Intralot Australia Treated Unequally During Licensing Process

Published Wednesday, March 09, 2011 -

The Gambling Licensing Review Panel, chaired by Ron Merkel Queen’s Counsel, has found that Intralot Australia was “unequally” treated during the process that resulted in the awarding of a Victoria’s Category 2 Lotteries License.

During the bidding process for Victoria’s public lottery licenses both public lottery licences had been prohibited by law from entering into exclusive arrangements for the distribution of lottery products but Tattersall’s Dedicated Area sought to amend that situation. A panel reviewing the state’s lottery licences discovered the Greek giant Intralot should have been advised of the former government’s willingness to negotiate on conditions relating to dedicated areas, a report put forward said it in fact found the unequal treatment not intentional.
In 2007 Intralot Australia was granted a 10 year licence by the Victorian Government to operate a variety of lottery games and instant tickets. Intralot Australia was also awarded a contract by Western Australia's Lotterywest to provide IT and systems support for Lotterywest's entire operations.

Intralot Australia is a wholly owned subsidiary of INTRALOT S.A. Integrated Lottery Systems and Services, a company which operates in over 50 countries across five continents.
Intralot Australia’s Acting Chief Executive Officer, Leo Watling commented, “Mr Merkel’s findings are an important acknowledgement of the damage that has been caused by the previous Government’s flawed licensing process. While Tattersall’s was given preferential treatment with their license Intralot has suffered and continues to suffer great reputational and financial damage because of this error.”

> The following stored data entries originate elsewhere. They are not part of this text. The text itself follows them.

(* Let $\mathcal F=\{f_\lambda\}_{\lambda\in\Lambda}\subseteq l^\infty(\mathbb N)$ for an index set $\Lambda$, let $\mathcal A_0$ be the unital C*-algebra generated by $\mathcal F$, and let $\mathcal A_{\mathcal F}$ be the smallest $\sigma_A$-invariant C*-subalgebra of $l^\infty(\mathbb N)$ containing $\mathcal A_0$, with maximal ideal space $X_{\mathcal F}$. Then: (i) For $n\in\mathbb N$ put $z_n=(f_\lambda(n))_{\lambda\in\Lambda}\in\prod_{\lambda}\overline{f_\lambda(\mathbb N)}$ and let $X_0$ be the closure of $\{z_n:n\in\mathbb N\}$ in this product. Then $\mathcal A_0\cong C(X_0)$, via $g\mapsto (n\mapsto g(z_n))$. (ii) Put $\kappa_n=(z_n,z_{n+1},\ldots)\in X_0^{\mathbb N}$ and let $Y_{\mathcal F}$ be the closure of $\{\kappa_n:n\in\mathbb N\}$ in $X_0^{\mathbb N}$. Then $\mathcal A_{\mathcal F}\cong C(Y_{\mathcal F})$, via $h\mapsto(n\mapsto h(\kappa_n))$. (iii) Let $B$ be the shift $(\omega_0,\omega_1,\ldots)\mapsto(\omega_1,\omega_2,\ldots)$ on $X_0^{\mathbb N}$ and $B_{\mathcal F}=B|_{Y_{\mathcal F}}$. Then there is a homeomorphism $X_{\mathcal F}\to Y_{\mathcal F}$ sending $\iota(n)$ to $\kappa_n$ for all $n$ and conjugating the map $A$ on $X_{\mathcal F}$ to $B_{\mathcal F}$. In particular $\mathrm{AE}(\mathcal F)=h(B_{\mathcal F})$.
   Context: $\mathbb N=\{0,1,2,\ldots\}$, $l^\infty(\mathbb N)$ the bounded complex functions on $\mathbb N$, $(\sigma_Af)(n)=f(n+1)$; $\overline{f(\mathbb N)}$ is the closure of $f(\mathbb N)$ in $\mathbb C$; products carry the product topology. For an anqie (unital $\sigma_A$-invariant C*-subalgebra) $\mathcal A$ with maximal ideal space $X$, $\iota(n)\in X$ is evaluation at $n$ and $A:X\to X$, $(A\rho)(f)=\rho(\sigma_Af)$, is the continuous map with $A\iota(n)=\iota(n+1)$; $\mathrm{AE}(\mathcal F)=h(A)$ for $\mathcal A=\mathcal A_{\mathcal F}$, where $h$ is topological entropy. *)

theory Defs
  imports "HOL-Analysis.Analysis"
begin

text \<open>Elements of l-infinity(N) are bounded functions nat => complex, with pointwise
operations, complex conjugation as involution and the sup norm.\<close>

definition bounded_seq :: "(nat \<Rightarrow> complex) \<Rightarrow> bool" where
  "bounded_seq f \<longleftrightarrow> bounded (range f)"

definition unital_cstar_subalg :: "(nat \<Rightarrow> complex) set \<Rightarrow> bool" where
  "unital_cstar_subalg S \<longleftrightarrow>
     (\<forall>f\<in>S. bounded_seq f) \<and>
     (\<lambda>_. 1) \<in> S \<and>
     (\<forall>f\<in>S. \<forall>g\<in>S. (\<lambda>n. f n + g n) \<in> S) \<and>
     (\<forall>f\<in>S. \<forall>g\<in>S. (\<lambda>n. f n * g n) \<in> S) \<and>
     (\<forall>c. \<forall>f\<in>S. (\<lambda>n. c * f n) \<in> S) \<and>
     (\<forall>f\<in>S. (\<lambda>n. cnj (f n)) \<in> S) \<and>
     (\<forall>gs g. (\<forall>k. gs k \<in> S) \<and> uniform_limit UNIV gs g sequentially \<longrightarrow> g \<in> S)"

definition shiftA :: "(nat \<Rightarrow> complex) \<Rightarrow> (nat \<Rightarrow> complex)" where
  "shiftA f = (\<lambda>n. f (Suc n))"

definition shift_invariant :: "(nat \<Rightarrow> complex) set \<Rightarrow> bool" where
  "shift_invariant S \<longleftrightarrow> (\<forall>f\<in>S. shiftA f \<in> S)"

definition cstar_gen :: "(nat \<Rightarrow> complex) set \<Rightarrow> (nat \<Rightarrow> complex) set" where
  "cstar_gen F = \<Inter> {S. unital_cstar_subalg S \<and> F \<subseteq> S}"

definition anqie_gen :: "(nat \<Rightarrow> complex) set \<Rightarrow> (nat \<Rightarrow> complex) set" where
  "anqie_gen F = \<Inter> {S. unital_cstar_subalg S \<and> shift_invariant S \<and> F \<subseteq> S}"

definition characters :: "(nat \<Rightarrow> complex) set \<Rightarrow> ((nat \<Rightarrow> complex) \<Rightarrow> complex) set" where
  "characters \<A> = {\<rho> \<in> extensional \<A>.
       (\<forall>f\<in>\<A>. \<forall>g\<in>\<A>. \<rho> (\<lambda>n. f n + g n) = \<rho> f + \<rho> g) \<and>
       (\<forall>f\<in>\<A>. \<forall>g\<in>\<A>. \<rho> (\<lambda>n. f n * g n) = \<rho> f * \<rho> g) \<and>
       (\<forall>c. \<forall>f\<in>\<A>. \<rho> (\<lambda>n. c * f n) = c * \<rho> f) \<and>
       \<rho> (\<lambda>_. 1) = 1}"

text \<open>Weak-* (Gelfand) topology: topology of pointwise convergence on \<A>.\<close>
definition max_ideal_space :: "(nat \<Rightarrow> complex) set \<Rightarrow> ((nat \<Rightarrow> complex) \<Rightarrow> complex) topology" where
  "max_ideal_space \<A> = subtopology (product_topology (\<lambda>_. euclidean) \<A>) (characters \<A>)"

definition iota :: "(nat \<Rightarrow> complex) set \<Rightarrow> nat \<Rightarrow> ((nat \<Rightarrow> complex) \<Rightarrow> complex)" where
  "iota \<A> n = restrict (\<lambda>f. f n) \<A>"

definition mapA :: "(nat \<Rightarrow> complex) set \<Rightarrow> ((nat \<Rightarrow> complex) \<Rightarrow> complex) \<Rightarrow> ((nat \<Rightarrow> complex) \<Rightarrow> complex)" where
  "mapA \<A> \<rho> = restrict (\<lambda>f. \<rho> (shiftA f)) \<A>"

definition join_iter :: "'a topology \<Rightarrow> ('a \<Rightarrow> 'a) \<Rightarrow> 'a set set \<Rightarrow> nat \<Rightarrow> 'a set set" where
  "join_iter X T U n = {topspace X \<inter> (\<Inter>i<n. (T ^^ i) -` V i) | V. \<forall>i<n. V i \<in> U}"

definition cover_number :: "'a topology \<Rightarrow> 'a set set \<Rightarrow> nat" where
  "cover_number X V = Inf {card W | W. W \<subseteq> V \<and> finite W \<and> topspace X \<subseteq> \<Union> W}"

definition cover_entropy :: "'a topology \<Rightarrow> ('a \<Rightarrow> 'a) \<Rightarrow> 'a set set \<Rightarrow> real" where
  "cover_entropy X T U = lim (\<lambda>n. ln (real (cover_number X (join_iter X T U n))) / real n)"

definition topological_entropy :: "'a topology \<Rightarrow> ('a \<Rightarrow> 'a) \<Rightarrow> ereal" where
  "topological_entropy X T =
     (SUP U \<in> {U. (\<forall>V\<in>U. openin X V) \<and> topspace X \<subseteq> \<Union> U}. ereal (cover_entropy X T U))"

definition anqie_entropy :: "(nat \<Rightarrow> complex) set \<Rightarrow> ereal" where
  "anqie_entropy F = topological_entropy (max_ideal_space (anqie_gen F)) (mapA (anqie_gen F))"

end

theory Submission
  imports Defs
begin

text \<open>
  Let \<open>K\<close> be the closure of the range of a sequence \<open>p\<close> in a compact Hausdorff space.
  The sequences \<open>g \<circ> p\<close> with \<open>g\<close> continuous on \<open>K\<close> form a unital C*-subalgebra of
  \<open>l\<^sup>\<infinity>(\<nat>)\<close>, \<open>g\<close> is determined by \<open>g \<circ> p\<close> because \<open>p\<close> is dense, and by
  Stone--Weierstrass it is the smallest such algebra containing \<open>g \<circ> p\<close> for any point-separating
  family of \<open>g\<close>'s. Its characters are exactly the evaluations at points of \<open>K\<close>, so evaluation
  is a homeomorphism from \<open>K\<close> onto the maximal ideal space. For \<open>(K, p) = (X\<^sub>0, z)\<close> the
  coordinate functions separate points, which gives (i). For \<open>(K, p) = (Y, \<kappa>)\<close> the shift \<open>B\<close>
  continues \<open>\<kappa>\<close>, so the algebra is shift invariant and the coordinates of the iterates of \<open>B\<close>
  separate points, which gives (ii); evaluation then conjugates \<open>B\<close> to \<open>A\<close>, and (iii) follows
  because topological entropy is a conjugacy invariant.
\<close>

section \<open>Topological preliminaries\<close>

lemma open_vimage_coordinate:
  assumes "open W" shows "open ((\<lambda>f::'a \<Rightarrow> 'b::topological_space. f i) -` W)"
  by (rule open_vimage[OF assms continuous_on_product_coordinates])

lemma continuous_on_coordinate: "continuous_on S (\<lambda>x::'a \<Rightarrow> 'b::topological_space. x i)"
  by (rule continuous_on_subset[OF continuous_on_product_coordinates]) simp

text \<open>The arities for \<open>t0_space\<close> and \<open>t1_space\<close> are needed for the \<open>t2_space\<close> one to be
  coherent with the existing instance \<open>fun :: (countable, metric_space) metric_space\<close>.\<close>

instance "fun" :: (type, t0_space) t0_space
proof
  fix x y :: "'a \<Rightarrow> 'b"
  assume "x \<noteq> y"
  then obtain i where "x i \<noteq> y i" by (auto simp: fun_eq_iff)
  then obtain U where "open U" "\<not> (x i \<in> U \<longleftrightarrow> y i \<in> U)"
    by (meson separation_t0)
  then show "\<exists>U. open U \<and> \<not> (x \<in> U \<longleftrightarrow> y \<in> U)"
    by (intro exI[of _ "(\<lambda>f. f i) -` U"]) (simp add: open_vimage_coordinate)
qed

instance "fun" :: (type, t1_space) t1_space
proof
  fix x y :: "'a \<Rightarrow> 'b"
  assume "x \<noteq> y"
  then obtain i where "x i \<noteq> y i" by (auto simp: fun_eq_iff)
  then obtain U where "open U" "x i \<in> U" "y i \<notin> U"
    by (meson t1_space)
  then show "\<exists>U. open U \<and> x \<in> U \<and> y \<notin> U"
    by (intro exI[of _ "(\<lambda>f. f i) -` U"]) (simp add: open_vimage_coordinate)
qed

instance "fun" :: (type, t2_space) t2_space
proof
  fix x y :: "'a \<Rightarrow> 'b"
  assume "x \<noteq> y"
  then obtain i where "x i \<noteq> y i" by (auto simp: fun_eq_iff)
  then obtain U V where "open U" "open V" "x i \<in> U" "y i \<in> V" "U \<inter> V = {}"
    by (meson hausdorff)
  then show "\<exists>U V. open U \<and> open V \<and> x \<in> U \<and> y \<in> V \<and> U \<inter> V = {}"
    by (intro exI[of _ "(\<lambda>f. f i) -` U"] exI[of _ "(\<lambda>f. f i) -` V"])
      (auto simp: open_vimage_coordinate)
qed

lemma compact_separating_continuous:
  fixes K :: "'a::t2_space set"
  assumes "compact K" "x \<in> K" "y \<in> K" "x \<noteq> y"
  obtains g :: "'a \<Rightarrow> real" where "continuous_on K g" "g x \<noteq> g y"
proof -
  have "Hausdorff_space (top_of_set K)"
    by (rule Hausdorff_space_subtopology) (metis Hausdorff_space_def disjnt_def hausdorff open_openin)
  moreover have "compact_space (top_of_set K)"
    using assms(1) by (simp add: compact_space_subtopology)
  ultimately have "normal_space (top_of_set K)"
    by (simp add: compact_Hausdorff_or_regular_imp_normal_space)
  moreover have "closedin (top_of_set K) {x}" "closedin (top_of_set K) {y}"
    using assms by (auto intro: closed_subset)
  ultimately obtain g where "continuous_map (top_of_set K) (top_of_set {0..1::real}) g"
      "g ` {x} \<subseteq> {0}" "g ` {y} \<subseteq> {1}"
    using Urysohn_lemma[of "top_of_set K" "{x}" "{y}" 0 1] assms(4) by auto
  then show thesis
    by (intro that[of g]) (auto simp: continuous_map_in_subtopology)
qed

The Gambling Licensing Review Panel commented that the Victorian government has said that it will consult with lottery licensees and agents before responding to the report’s findings.
Watling  continued, “We have been trading with our hands tied behind our back from day one. We trust that the Minister for Gaming, Michael O’Brien, who recognised this issue some time ago, can accelerate a solution as quickly as possible.”